The bill includes a trigger intended to prevent even larger coverage losses, which will be pulled if more than 4,800 people lose coverage. Even then, however, it would halt coverage losses only if an audit finds that at least 10 percent of those losing coverage should have remained eligible. Such an audit would likely miss many wrongful terminations, since people who couldn’t document their work hours or work-limiting disabilities in the first place generally wouldn’t find it any easier to do so for an audit months later.
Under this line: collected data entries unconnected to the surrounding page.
(* Let $s$ be an aggregation method which, for every finite set $\mathcal R$ of reviewers and finite set $\mathcal P$ of papers, maps each recommendation profile $(y_{ia})_{i\in\mathcal R,a\in\mathcal P}\in[0,10]^{\mathcal R\times\mathcal P}$ to a solution vector $(s_a)_{a\in\mathcal P}\in[0,10]^{\mathcal P}$. If $s$ is continuous and satisfies Consensus and Consistency, then $s$ does not satisfy Strategy-proofness.
   Context: Continuity means that for each fixed $\mathcal R,\mathcal P$ the map $(y_{ia})\mapsto(s_a)$ is continuous. Axioms (a method satisfies an axiom if the property holds for every recommendation profile): Consensus: if for a paper $a$ we have $y_{ia}=y$ for all $i\in\mathcal R$, then $s_a=y$. Paper $a$ dominates paper $b$ if there is a permutation $\pi$ of $\mathcal R$ with $y_{ia}\ge y_{\pi(i)b}$ for all $i$; it strictly dominates if at least one of these inequalities is strict. Efficiency: whenever $a$ dominates $b$, $s_a\ge s_b$. Consistency: Efficiency holds and whenever $a$ strictly dominates $b$, $s_a>s_b$. Strategy-proofness: for every profile, every reviewer $i$ and every misreported recommendation vector $(y'_{ia})_{a\in\mathcal P}$ of reviewer $i$ (all other recommendations unchanged), the resulting solution $(s'_a)_a$ satisfies $\|(s'_a)_a-(y_{ia})_a\|_2\ge\|(s_a)_a-(y_{ia})_a\|_2$, where $(y_{ia})_a$ are reviewer $i$'s true recommendations and $(s_a)_a$ the solution for the true profile. *)

theory Defs
  imports Complex_Main
begin

text \<open>An aggregation method takes the reviewer set R,
the paper set P and a recommendation profile y (y i a = recommendation of reviewer i for paper a)
and returns the solution vector (s a for a in P).\<close>

type_synonym agg_method = "nat set \<Rightarrow> nat set \<Rightarrow> (nat \<Rightarrow> nat \<Rightarrow> real) \<Rightarrow> nat \<Rightarrow> real"

text \<open>Profiles in [0,10]^(R x P); values outside R x P are fixed to 0 (canonical representatives).\<close>
definition profiles :: "nat set \<Rightarrow> nat set \<Rightarrow> (nat \<Rightarrow> nat \<Rightarrow> real) set" where
  "profiles R P = {y. \<forall>i a. (i \<in> R \<and> a \<in> P \<longrightarrow> 0 \<le> y i a \<and> y i a \<le> 10)
                          \<and> (\<not> (i \<in> R \<and> a \<in> P) \<longrightarrow> y i a = 0)}"

definition admissible :: "nat set \<Rightarrow> nat set \<Rightarrow> bool" where
  "admissible R P \<longleftrightarrow> finite R \<and> finite P \<and> R \<noteq> {} \<and> P \<noteq> {}"

definition valid_method :: "agg_method \<Rightarrow> bool" where
  "valid_method s \<longleftrightarrow> (\<forall>R P. admissible R P \<longrightarrow>
     (\<forall>y \<in> profiles R P. \<forall>a \<in> P. 0 \<le> s R P y a \<and> s R P y a \<le> 10))"

definition continuous_method :: "agg_method \<Rightarrow> bool" where
  "continuous_method s \<longleftrightarrow> (\<forall>R P. admissible R P \<longrightarrow>
     (\<forall>y \<in> profiles R P. \<forall>e>0. \<exists>d>0. \<forall>y' \<in> profiles R P.
        (\<forall>i\<in>R. \<forall>a\<in>P. \<bar>y' i a - y i a\<bar> < d) \<longrightarrow> (\<forall>a\<in>P. \<bar>s R P y' a - s R P y a\<bar> < e)))"

definition consensus :: "agg_method \<Rightarrow> bool" where
  "consensus s \<longleftrightarrow> (\<forall>R P. admissible R P \<longrightarrow>
     (\<forall>y \<in> profiles R P. \<forall>a \<in> P. \<forall>c. (\<forall>i\<in>R. y i a = c) \<longrightarrow> s R P y a = c))"

definition dominates :: "nat set \<Rightarrow> (nat \<Rightarrow> nat \<Rightarrow> real) \<Rightarrow> nat \<Rightarrow> nat \<Rightarrow> bool" where
  "dominates R y a b \<longleftrightarrow> (\<exists>\<pi>. bij_betw \<pi> R R \<and> (\<forall>i\<in>R. y i a \<ge> y (\<pi> i) b))"

definition strictly_dominates :: "nat set \<Rightarrow> (nat \<Rightarrow> nat \<Rightarrow> real) \<Rightarrow> nat \<Rightarrow> nat \<Rightarrow> bool" where
  "strictly_dominates R y a b \<longleftrightarrow> (\<exists>\<pi>. bij_betw \<pi> R R \<and> (\<forall>i\<in>R. y i a \<ge> y (\<pi> i) b)
                                       \<and> (\<exists>i\<in>R. y i a > y (\<pi> i) b))"

definition efficiency :: "agg_method \<Rightarrow> bool" where
  "efficiency s \<longleftrightarrow> (\<forall>R P. admissible R P \<longrightarrow>
     (\<forall>y \<in> profiles R P. \<forall>a\<in>P. \<forall>b\<in>P. dominates R y a b \<longrightarrow> s R P y a \<ge> s R P y b))"

definition consistency :: "agg_method \<Rightarrow> bool" where
  "consistency s \<longleftrightarrow> efficiency s \<and> (\<forall>R P. admissible R P \<longrightarrow>
     (\<forall>y \<in> profiles R P. \<forall>a\<in>P. \<forall>b\<in>P. strictly_dominates R y a b \<longrightarrow> s R P y a > s R P y b))"

definition strategy_proof :: "agg_method \<Rightarrow> bool" where
  "strategy_proof s \<longleftrightarrow> (\<forall>R P. admissible R P \<longrightarrow>
     (\<forall>y \<in> profiles R P. \<forall>i\<in>R. \<forall>v. (\<forall>a\<in>P. 0 \<le> v a \<and> v a \<le> 10) \<longrightarrow> (\<forall>a. a \<notin> P \<longrightarrow> v a = 0) \<longrightarrow>
        sqrt (\<Sum>a\<in>P. (s R P (y(i := v)) a - y i a)^2) \<ge> sqrt (\<Sum>a\<in>P. (s R P y a - y i a)^2)))"

end

theory Submission
  imports Defs "HOL-Analysis.Elementary_Metric_Spaces"
begin

text \<open>Two reviewers 0 and 1 grade two papers. Both give \<open>t\<close> to paper 1, reviewer 1 gives 10
to paper 0 and reviewer 0 gives \<open>x\<close> to paper 0; let \<open>G x t = dissent_score s x t\<close> be the resulting
score of paper 0.
Consensus fixes the score of paper 1 at \<open>t\<close> and gives \<open>G 10 t = 10\<close>; Consistency gives
\<open>G t t > t\<close> for \<open>t < 10\<close>. If reviewer 0's true row is \<open>(t, t)\<close>, Strategy-proofness says
that no report \<open>x\<close> brings \<open>G x t\<close> closer to \<open>t\<close> than \<open>G t t\<close>, so \<open>G x t \<noteq> t\<close> for all \<open>x\<close>;
by continuity in \<open>x\<close> and the intermediate value theorem \<open>G 0 t > t\<close> for every \<open>t < 10\<close>.
Letting \<open>t \<rightarrow> 10\<close> gives \<open>G 0 10 \<ge> 10\<close>, while Consistency gives \<open>G 0 10 < 10\<close>, since then
paper 1 strictly dominates paper 0.\<close>

lemma continuous_on_method_path:
  fixes \<gamma> :: "'a::topological_space \<Rightarrow> nat \<Rightarrow> nat \<Rightarrow> real"
  assumes s: "continuous_method s" and RP: "admissible R P"
    and \<gamma>: "\<And>u. u \<in> S \<Longrightarrow> \<gamma> u \<in> profiles R P"
    and entries: "\<And>i a. i \<in> R \<Longrightarrow> a \<in> P \<Longrightarrow> continuous_on S (\<lambda>u. \<gamma> u i a)"
    and "b \<in> P"
  shows "continuous_on S (\<lambda>u. s R P (\<gamma> u) b)"
  unfolding continuous_on_def
proof (intro ballI tendstoI)
  fix u and e :: real
  assume "u \<in> S" "e > 0"
  then obtain d where "d > 0" and d: "\<And>y. y \<in> profiles R P \<Longrightarrow>
      (\<forall>i\<in>R. \<forall>a\<in>P. \<bar>y i a - \<gamma> u i a\<bar> < d) \<Longrightarrow> \<bar>s R P y b - s R P (\<gamma> u) b\<bar> < e"
    using s RP \<gamma> \<open>b \<in> P\<close> unfolding continuous_method_def by metis
  have "\<forall>(i, a) \<in> R \<times> P. \<forall>\<^sub>F v in at u within S. \<bar>\<gamma> v i a - \<gamma> u i a\<bar> < d"
  proof clarify
    fix i a assume "i \<in> R" "a \<in> P"
    then have "((\<lambda>v. \<gamma> v i a) \<longlongrightarrow> \<gamma> u i a) (at u within S)"
      using entries \<open>u \<in> S\<close> by (simp add: continuous_on_def)
    from tendstoD[OF this \<open>d > 0\<close>]
    show "\<forall>\<^sub>F v in at u within S. \<bar>\<gamma> v i a - \<gamma> u i a\<bar> < d"
      by (simp add: dist_real_def)
  qed
  then have "\<forall>\<^sub>F v in at u within S. \<forall>(i, a) \<in> R \<times> P. \<bar>\<gamma> v i a - \<gamma> u i a\<bar> < d"
    using RP unfolding admissible_def by (intro eventually_ball_finite) auto
  moreover have "\<forall>\<^sub>F v in at u within S. v \<in> S"
    by (simp add: eventually_at_filter)
  ultimately show "\<forall>\<^sub>F v in at u within S. dist (s R P (\<gamma> v) b) (s R P (\<gamma> u) b) < e"
    by eventually_elim (auto simp: dist_real_def intro!: d \<gamma>)
qed

lemma strategy_proof_sum_squares_le:
  assumes s: "strategy_proof s" and RP: "admissible R P"
    and y: "y \<in> profiles R P" and y': "y' \<in> profiles R P"
    and "i \<in> R" and others: "\<And>j. j \<noteq> i \<Longrightarrow> y' j = y j"
  shows "(\<Sum>a\<in>P. (s R P y a - y i a)\<^sup>2) \<le> (\<Sum>a\<in>P. (s R P y' a - y i a)\<^sup>2)"
proof -
  have "\<forall>a\<in>P. 0 \<le> y' i a \<and> y' i a \<le> 10" "\<forall>a. a \<notin> P \<longrightarrow> y' i a = 0"
    using y' \<open>i \<in> R\<close> by (auto simp: profiles_def)
  then have "sqrt (\<Sum>a\<in>P. (s R P y a - y i a)\<^sup>2) \<le> sqrt (\<Sum>a\<in>P. (s R P (y(i := y' i)) a - y i a)\<^sup>2)"
    using s RP y \<open>i \<in> R\<close> unfolding strategy_proof_def by blast
  moreover have "y(i := y' i) = y'"
    using others by auto
  ultimately show ?thesis
    by simp
qed

definition dissent_profile :: "real \<Rightarrow> real \<Rightarrow> nat \<Rightarrow> nat \<Rightarrow> real" where
  "dissent_profile x t i a =
     (if i = 0 \<and> a = 0 then x else if i = 1 \<and> a = 0 then 10 else if i \<in> {0, 1} \<and> a = 1 then t else 0)"

definition dissent_score :: "agg_method \<Rightarrow> real \<Rightarrow> real \<Rightarrow> real" where
  "dissent_score s x t = s {0, 1} {0, 1} (dissent_profile x t) 0"

lemma admissible_two_two: "admissible {0, 1} {0, 1}"
  by (simp add: admissible_def)

lemma dissent_profile_in_profiles:
  "x \<in> {0..10} \<Longrightarrow> t \<in> {0..10} \<Longrightarrow> dissent_profile x t \<in> profiles {0, 1} {0, 1}"
  by (auto simp: profiles_def dissent_profile_def)

lemma consensus_dissent_profile_paper1:
  assumes "consensus s" "x \<in> {0..10}" "t \<in> {0..10}"
  shows "s {0, 1} {0, 1} (dissent_profile x t) 1 = t"
  using assms admissible_two_two dissent_profile_in_profiles
  unfolding consensus_def by (simp add: dissent_profile_def)

lemma dissent_score_top:
  assumes "consensus s" "t \<in> {0..10}"
  shows "dissent_score s 10 t = 10"
  using assms admissible_two_two dissent_profile_in_profiles[of 10 t]
  unfolding consensus_def dissent_score_def by (simp add: dissent_profile_def)

lemma dissent_score_diagonal_gt:
  assumes "consensus s" "consistency s" "0 \<le> t" "t < 10"
  shows "dissent_score s t t > t"
proof -
  have "strictly_dominates {0, 1} (dissent_profile t t) 0 1"
    unfolding strictly_dominates_def
    using \<open>t < 10\<close> by (intro exI[of _ id]) (auto simp: dissent_profile_def)
  then have "s {0, 1} {0, 1} (dissent_profile t t) 0 > s {0, 1} {0, 1} (dissent_profile t t) 1"
    using assms admissible_two_two dissent_profile_in_profiles[of t t]
    unfolding consistency_def by simp
  then show ?thesis
    using consensus_dissent_profile_paper1[of s t t] assms by (simp add: dissent_score_def)
qed

lemma dissent_score_zero_top_lt:
  assumes "consensus s" "consistency s"
  shows "dissent_score s 0 10 < 10"
proof -
  have "strictly_dominates {0, 1} (dissent_profile 0 10) 1 0"
    unfolding strictly_dominates_def
    by (intro exI[of _ id]) (auto simp: dissent_profile_def)
  then have "s {0, 1} {0, 1} (dissent_profile 0 10) 1 > s {0, 1} {0, 1} (dissent_profile 0 10) 0"
    using assms admissible_two_two dissent_profile_in_profiles[of 0 10]
    unfolding consistency_def by simp
  then show ?thesis
    using consensus_dissent_profile_paper1[of s 0 10] assms by (simp add: dissent_score_def)
qed

lemma strategy_proof_dissent_score:
  assumes "strategy_proof s" "consensus s" "x \<in> {0..10}" "t \<in> {0..10}"
  shows "\<bar>dissent_score s t t - t\<bar> \<le> \<bar>dissent_score s x t - t\<bar>"
proof -
  have "dissent_profile x t j = dissent_profile t t j" if "j \<noteq> 0" for j
    using that by (auto simp: dissent_profile_def)
  then have "(\<Sum>a\<in>{0, 1}. (s {0, 1} {0, 1} (dissent_profile t t) a - dissent_profile t t 0 a)\<^sup>2)
      \<le> (\<Sum>a\<in>{0, 1}. (s {0, 1} {0, 1} (dissent_profile x t) a - dissent_profile t t 0 a)\<^sup>2)"
    using assms by (intro strategy_proof_sum_squares_le[OF assms(1) admissible_two_two
        dissent_profile_in_profiles dissent_profile_in_profiles]) auto
  then have "(dissent_score s t t - t)\<^sup>2 \<le> (dissent_score s x t - t)\<^sup>2"
    using assms consensus_dissent_profile_paper1[of s] by (simp add: dissent_score_def dissent_profile_def)
  then show ?thesis
    using abs_le_square_iff by blast
qed

lemma continuous_on_dissent_score:
  assumes s: "continuous_method s"
    and "continuous_on S f" "continuous_on S g"
    and "\<And>u. u \<in> S \<Longrightarrow> f u \<in> {0..10}" "\<And>u. u \<in> S \<Longrightarrow> g u \<in> {0..10}"
  shows "continuous_on S (\<lambda>u. dissent_score s (f u) (g u))"
  unfolding dissent_score_def
proof (rule continuous_on_method_path[OF s admissible_two_two])
  show "\<And>u. u \<in> S \<Longrightarrow> dissent_profile (f u) (g u) \<in> profiles {0, 1} {0, 1}"
    using assms by (blast intro: dissent_profile_in_profiles)
  show "continuous_on S (\<lambda>u. dissent_profile (f u) (g u) i a)" for i a
    by (cases "i = 0"; cases "i = 1"; cases "a = 0"; cases "a = 1")
      (simp_all add: dissent_profile_def assms(2,3))
qed simp

lemma dissent_score_zero_gt:
  assumes sp: "strategy_proof s" and cont: "continuous_method s"
    and cons: "consensus s" "consistency s" and t: "0 \<le> t" "t < 10"
  shows "dissent_score s 0 t > t"
proof (rule ccontr)
  assume "\<not> dissent_score s 0 t > t"
  moreover have "t \<le> dissent_score s 10 t"
    using dissent_score_top[OF cons(1)] t by simp
  moreover have "continuous_on {0..10} (\<lambda>x. dissent_score s x t)"
    using t by (intro continuous_on_dissent_score[OF cont continuous_on_id continuous_on_const]) auto
  ultimately obtain x where "x \<in> {0..10}" "dissent_score s x t = t"
    using IVT'[of "\<lambda>x. dissent_score s x t" 0 t 10] by auto
  then have "\<bar>dissent_score s t t - t\<bar> \<le> 0"
    using strategy_proof_dissent_score[OF sp cons(1), of x t] t by simp
  then show False
    using dissent_score_diagonal_gt[OF cons t] by simp
qed

theorem proposition3p2:
  fixes s :: agg_method
  assumes "valid_method s"
    and "continuous_method s"
    and "consensus s"
    and "consistency s"
  shows "\<not> strategy_proof s"
proof
  assume "strategy_proof s"
  have "continuous_on {0..10} (\<lambda>t. dissent_score s 0 t - t)"
    by (intro continuous_on_diff continuous_on_id
        continuous_on_dissent_score[OF assms(2) continuous_on_const continuous_on_id]) auto
  moreover have "dissent_score s 0 t - t \<ge> 0" if "t \<in> {0..<10}" for t
    using dissent_score_zero_gt[OF \<open>strategy_proof s\<close> assms(2-4), of t] that by simp
  ultimately have "dissent_score s 0 10 - 10 \<ge> 0"
    using continuous_ge_on_closure[where S = "{0..<10}" and x = 10 and a = 0
        and f = "\<lambda>t. dissent_score s 0 t - t"] by simp
  then show False
    using dissent_score_zero_top_lt[OF assms(3,4)] by simp
qed

end
lemma translate_difference_near_gradient:
  fixes u :: "'a::real_inner \<Rightarrow> real"
  assumes grad: "\<forall>x\<in>\<Omega>. (u has_derivative (\<lambda>h. Du x \<bullet> h)) (at x)"
    and "y \<in> segment_domain \<Omega> v"
    and close: "\<forall>t\<in>{0..1}. norm (Du (y + t *\<^sub>R v) - Du z) < \<epsilon>"
    and "v \<noteq> 0"
  shows "\<bar>u (y + v) - u y - Du z \<bullet> v\<bar> < \<epsilon> * norm v"
proof -
  have "((\<lambda>s. u (y + s *\<^sub>R v)) has_real_derivative Du (y + s *\<^sub>R v) \<bullet> v) (at s)"
    if "0 \<le> s" "s \<le> 1" for s
    using grad \<open>y \<in> segment_domain \<Omega> v\<close> that
    by (intro has_real_derivative_along_line) (auto simp: segment_domain_def)
  from MVT2[OF zero_less_one this]
  obtain t where t: "0 < t" "t < 1" and mvt: "u (y + v) - u y = Du (y + t *\<^sub>R v) \<bullet> v"
    by auto
  have "\<bar>(Du (y + t *\<^sub>R v) - Du z) \<bullet> v\<bar> \<le> norm (Du (y + t *\<^sub>R v) - Du z) * norm v"
    by (rule Cauchy_Schwarz_ineq2)
  also have "\<dots> < \<epsilon> * norm v"
    using close t \<open>v \<noteq> 0\<close> by (simp add: mult_strict_right_mono)
  finally show ?thesis
    using mvt by (simp add: inner_diff_left)
qed

lemma translate_difference_near_gradient_closure:
  fixes u :: "'a::real_inner \<Rightarrow> real"
  assumes grad: "\<forall>x\<in>\<Omega>. (u has_derivative (\<lambda>h. Du x \<bullet> h)) (at x)"
    and u_cont: "continuous_on (closure \<Omega>) u"
    and Du_close: "\<forall>x\<in>\<Omega>. dist x z < \<delta> \<longrightarrow> norm (Du x - Du z) < \<epsilon>"
    and y: "y \<in> closure (segment_domain \<Omega> v)" and near: "dist y z + norm v < \<delta>"
    and "v \<noteq> 0"
  shows "\<bar>u (y + v) - u y - Du z \<bullet> v\<bar> \<le> \<epsilon> * norm v"
proof -
  define N where "N = ball y (\<delta> - norm v - dist y z) \<inter> segment_domain \<Omega> v"
  have bound: "\<bar>u (y' + v) - u y' - Du z \<bullet> v\<bar> \<le> \<epsilon> * norm v" if "y' \<in> N" for y'
  proof -
    have "norm (Du (y' + t *\<^sub>R v) - Du z) < \<epsilon>" if "t \<in> {0..1}" for t
    proof -
      have "dist (y' + t *\<^sub>R v) z = norm ((y' - y) + ((y - z) + t *\<^sub>R v))"
        by (simp add: dist_norm algebra_simps)
      also have "\<dots> \<le> norm (y' - y) + (norm (y - z) + norm (t *\<^sub>R v))"
        by (intro norm_triangle_le add_left_mono norm_triangle_ineq)
      also have "\<dots> < \<delta>"
        using \<open>y' \<in> N\<close> that mult_left_le_one_le[of "norm v" t]
        by (auto simp: N_def dist_norm norm_minus_commute)
      finally show ?thesis
        using Du_close \<open>y' \<in> N\<close> that by (auto simp: N_def segment_domain_def)
    qed
    moreover have "y' \<in> segment_domain \<Omega> v"
      using \<open>y' \<in> N\<close> by (simp add: N_def)
    ultimately show ?thesis
      using translate_difference_near_gradient[OF grad _ _ \<open>v \<noteq> 0\<close>] by (simp add: less_imp_le)
  qed
  have "y \<in> closure N"
    using open_Int_closure_subset[OF open_ball] y near unfolding N_def by fastforce
  have "continuous_on (closure N) (\<lambda>y. u (y + v) - u y)"
    using continuous_on_translate_difference[OF u_cont]
    by (rule continuous_on_subset) (simp add: N_def closure_mono)
  then have "continuous_on (closure N) (\<lambda>y. \<bar>u (y + v) - u y - Du z \<bullet> v\<bar>)"
    by (rule continuous_on_rabs[OF continuous_on_diff[OF _ continuous_on_const]])
  from continuous_le_on_closure[OF this \<open>y \<in> closure N\<close> bound] show ?thesis .
qed

locale spacelike_solution =
  fixes \<Omega> :: "'a::euclidean_space set" and u :: "'a \<Rightarrow> real" and Du :: "'a \<Rightarrow> 'a"
    and \<alpha> :: real
  assumes open_domain: "open \<Omega>" and bounded_domain: "bounded \<Omega>"
    and alpha_neg: "\<alpha> < 0"
    and u_cont: "continuous_on (closure \<Omega>) u"
    and grad: "\<forall>x\<in>\<Omega>. (u has_derivative (\<lambda>h. Du x \<bullet> h)) (at x)"
    and Du_cont: "continuous_on (closure \<Omega>) Du"
    and Du_diff: "\<forall>x\<in>\<Omega>. Du differentiable (at x)"
    and u_pos: "\<forall>x\<in>\<Omega>. u x > 0"
    and spacelike: "\<forall>x\<in>closure \<Omega>. norm (Du x) < 1"
    and eqn: "\<forall>x\<in>\<Omega>. divergence (\<lambda>y. Du y /\<^sub>R sqrt (1 - (norm (Du y))\<^sup>2)) x
                   = \<alpha> / (u x * sqrt (1 - (norm (Du x))\<^sup>2))"
begin

lemma translate_difference_no_positive_local_max:
  assumes "r > 0" and ball: "\<forall>y\<in>ball y0 r. y \<in> \<Omega> \<and> y + c \<in> \<Omega>"
    and max: "\<forall>y\<in>ball y0 r. u (y + c) - u y \<le> u (y0 + c) - u y0"
    and increment_pos: "u (y0 + c) > u y0"
  shows False
proof -
  have y0: "y0 \<in> \<Omega>" "y0 + c \<in> \<Omega>"
    using ball \<open>r > 0\<close> by auto
  define H1 where "H1 = frechet_derivative Du (at (y0 + c))"
  define H2 where "H2 = frechet_derivative Du (at y0)"
  have H1: "(Du has_derivative H1) (at (y0 + c))" and H2: "(Du has_derivative H2) (at y0)"
    unfolding H1_def H2_def using Du_diff y0 frechet_derivative_works by blast+
  note local_max = translate_difference_local_max[OF grad \<open>r > 0\<close> ball max H1 H2]
  have "norm (Du y0) < 1"
    using spacelike y0 closure_subset by blast
  define s where "s = sqrt (1 - (norm (Du y0))\<^sup>2)"
  have "s > 0"
    using \<open>norm (Du y0) < 1\<close> by (simp add: s_def abs_square_less_1)
  have "\<alpha> / (u (y0 + c) * s) \<le> \<alpha> / (u y0 * s)"
    using divergence_spacelike_flux[OF H1] divergence_spacelike_flux[OF H2]
      spacelike_flux_divergence_mono[OF local_max(2) \<open>s > 0\<close>, of "Du y0"]
      eqn y0 \<open>norm (Du y0) < 1\<close> local_max(1)
    by (simp add: s_def)
  moreover have "\<alpha> / (u y0 * s) < \<alpha> / (u (y0 + c) * s)"
    using u_pos y0 increment_pos alpha_neg \<open>s > 0\<close>
    by (simp add: divide_less_eq_1 field_simps mult_less_cancel_left_neg)
  ultimately show False
    by simp
qed

lemma translate_difference_max_outside_domain:
  assumes "x \<in> segment_domain \<Omega> v" and "u (x + v) > u x"
  obtains y where "y \<in> closure (segment_domain \<Omega> v)" "y \<notin> segment_domain \<Omega> v"
    and "u (x + v) - u x \<le> u (y + v) - u y"
proof -
  let ?D = "segment_domain \<Omega> v"
  have "compact (closure ?D)"
    using bounded_subset[OF bounded_domain segment_domain_subset] by (simp add: compact_closure)
  then obtain y where y: "y \<in> closure ?D"
    and max: "\<forall>y'\<in>closure ?D. u (y' + v) - u y' \<le> u (y + v) - u y"
    using continuous_attains_sup[OF _ _ continuous_on_translate_difference[OF u_cont]]
      assms(1) closure_subset by blast
  have "y \<notin> ?D"
  proof
    assume "y \<in> ?D"
    then obtain r where "r > 0" "ball y r \<subseteq> ?D"
      using open_segment_domain[OF open_domain] open_contains_ball by blast
    show False
    proof (rule translate_difference_no_positive_local_max[OF \<open>r > 0\<close>])
      show "\<forall>y'\<in>ball y r. y' \<in> \<Omega> \<and> y' + v \<in> \<Omega>"
        using \<open>ball y r \<subseteq> ?D\<close> segment_domain_subset segment_domain_translate_mem by blast
      show "\<forall>y'\<in>ball y r. u (y' + v) - u y' \<le> u (y + v) - u y"
        using \<open>ball y r \<subseteq> ?D\<close> max closure_subset by blast
      show "u (y + v) > u y"
        using max assms closure_subset by force
    qed
  qed
  then show ?thesis
    using that y max assms(1) closure_subset by blast
qed

lemma translate_difference_le_frontier_bound:
  assumes Du_close: "\<forall>x\<in>closure \<Omega>. \<forall>z\<in>closure \<Omega>. dist x z < \<delta> \<longrightarrow> norm (Du x - Du z) < \<epsilon>"
    and frontier_le: "\<forall>z\<in>frontier \<Omega>. norm (Du z) \<le> S"
    and "2 * norm v < \<delta>" "v \<noteq> 0"
    and "x \<in> segment_domain \<Omega> v" "u (x + v) > u x"
  shows "u (x + v) - u x \<le> (S + \<epsilon>) * norm v"
proof -
  obtain y where y: "y \<in> closure (segment_domain \<Omega> v)" "y \<notin> segment_domain \<Omega> v"
    and "u (x + v) - u x \<le> u (y + v) - u y"
    using translate_difference_max_outside_domain assms(5,6) by blast
  obtain t where "t \<in> {0..1}" and frontier_point: "y + t *\<^sub>R v \<in> frontier \<Omega>"
    using segment_meets_frontier[OF open_domain y] .
  define z where "z = y + t *\<^sub>R v"
  have "dist y z + norm v < \<delta>"
    using \<open>t \<in> {0..1}\<close> \<open>2 * norm v < \<delta>\<close> mult_left_le_one_le[of "norm v" t]
    by (simp add: z_def dist_norm)
  moreover have "\<forall>x'\<in>\<Omega>. dist x' z < \<delta> \<longrightarrow> norm (Du x' - Du z) < \<epsilon>"
    using Du_close frontier_point closure_subset by (auto simp: z_def frontier_def)
  ultimately have "\<bar>u (y + v) - u y - Du z \<bullet> v\<bar> \<le> \<epsilon> * norm v"
    using translate_difference_near_gradient_closure[OF grad u_cont _ y(1) _ \<open>v \<noteq> 0\<close>] by blast
  then have "u (y + v) - u y \<le> Du z \<bullet> v + \<epsilon> * norm v"
    by linarith
  also have "\<dots> \<le> (S + \<epsilon>) * norm v"
    using norm_cauchy_schwarz[of "Du z" v] frontier_le frontier_point
      mult_right_mono[of "norm (Du z)" S "norm v"]
    by (simp add: z_def algebra_simps)
  finally show ?thesis
    using \<open>u (x + v) - u x \<le> u (y + v) - u y\<close> by simp
qed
The new work requirement policy contrasts sharply with Montana’s promising workforce promotion program, HELP-Link, which currently provides the state’s Medicaid expansion beneficiaries with employment and training services. Since its start in 2016, some 25,000 expansion enrollees have enrolled in workforce training through Montana’s Department of Labor and Industry, and 70 percent have found jobs within a year, according to the state. The pending legislation, which the governor is expected to sign, increases funding for HELP-Link, creating a new grant program for employers that hire or train Medicaid beneficiaries. Unfortunately, implementing the legislation’s coverage restrictions will entail significant administrative costs and will consume resources the state could have used instead to further expand job training and workforce services.

The legislation will likely face similar legal challenges to those that the work requirements in Kentucky and Arkansas have encountered. A federal district court judge has blocked work requirement policies similar to the new requirement in Montana from taking effect or remaining in effect in those states.